Match State Management

The MatchState class tracks everything needed to simulate a match:

Score State

Current score
Wickets fallen
Balls bowled
Target (2nd innings)

Player State

Current batter
Non-striker
Current bowler
Batting order queue

History

Recent ball outcomes
Partnership runs
Bowler spells
Phase transitions

6 Evaluation Framework

The model is evaluated against real betting market odds from 44 T20 World Cup 2024 matches. This provides a rigorous benchmark since betting markets aggregate information from many sophisticated predictors.

Metrics

Log Loss

0.73

Measures probability calibration. Formula: -log(P(actual winner))

Brier Score

0.26

Mean squared error of probabilities. Formula: (P - actual)^2

Market Edge

29%

Average difference from betting market probabilities

Probability Calibration

A well-calibrated model predicts probabilities that match historical frequencies. If the model predicts a 60% win probability for 100 matches, those teams should win approximately 60 times. Brier score (0.26) mathematically captures this reliability.

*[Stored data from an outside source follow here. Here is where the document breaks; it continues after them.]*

(* Let $X$ be an infinite h-homogeneous zero-dimensional compact Hausdorff space, $G=\mathrm{Homeo}(X)$, $k\ge1$ and $T\in\{1,-1\}^{S_k}$. Define $\phi_T:\Phi(X)\to\Omega_k$ by $\phi_T(c)(\beta)=T(\theta_\beta(c))$. Then $\phi_T$ is continuous and $G$-equivariant.
   Context: h-homogeneous: every nonempty clopen subset of $X$ is homeomorphic to $X$. $\Phi(X)\subset\mathrm{Exp}(\mathrm{Exp}(X))$ is the compact space of maximal chains of nonempty closed subsets of $X$ (Vietoris topologies), with $gc=\{gF:F\in c\}$. $\mathcal D_k$ is the set of ordered partitions $(B_1,\dots,B_k)$ of $X$ into $k$ nonempty clopen sets, with $G$ acting piecewise and $S_k$ acting by $\sigma(B_1,\dots,B_k)=(B_{\sigma(1)},\dots,B_{\sigma(k)})$. $\Omega_k=\{1,-1\}^{\mathcal D_k}$ with the product topology and $G$-action $(g\omega)(\beta)=\omega(g^{-1}\beta)$. For $c\in\Phi(X)$ and nonempty closed $D$, $D_c=\bigcap\{A\in c:A\cap D\ne\emptyset\}$; for $\beta\in\mathcal D_k$, $t^*_c(\beta)$ lists the pieces of $\beta$ in increasing order with respect to $B_i<_cB_j\iff (B_i)_c\subseteq(B_j)_c$, and $\theta_\beta(c)\in S_k$ is the unique permutation with $\theta_\beta(c)\beta=t^*_c(\beta)$. *)

theory Defs
  imports "HOL-Analysis.Analysis" "HOL-Combinatorics.Permutations"
begin

definition h_homogeneous :: "'a topology \<Rightarrow> bool" where
  "h_homogeneous X \<longleftrightarrow>
     (\<forall>U. openin X U \<and> closedin X U \<and> U \<noteq> {} \<longrightarrow> subtopology X U homeomorphic_space X)"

Testing on 44 T20 World Cup matches. Note: Plotly is used for the interactive python version, this is a web representation.

# match_evaluator.py - Evaluation metrics

def evaluate_match(model_prob, market_prob, actual_winner):
    # Log Loss
    log_loss = -np.log(model_prob[actual_winner])

    # Brier Score
    brier = sum((model_prob[team] - (team == actual_winner))**2
                for team in model_prob)

    # Edge vs Market
    edge = {team: model_prob[team] - market_prob[team]
            for team in model_prob}

    return {
        'log_loss': log_loss,
        'brier_score': brier,
        'edge': edge,
    }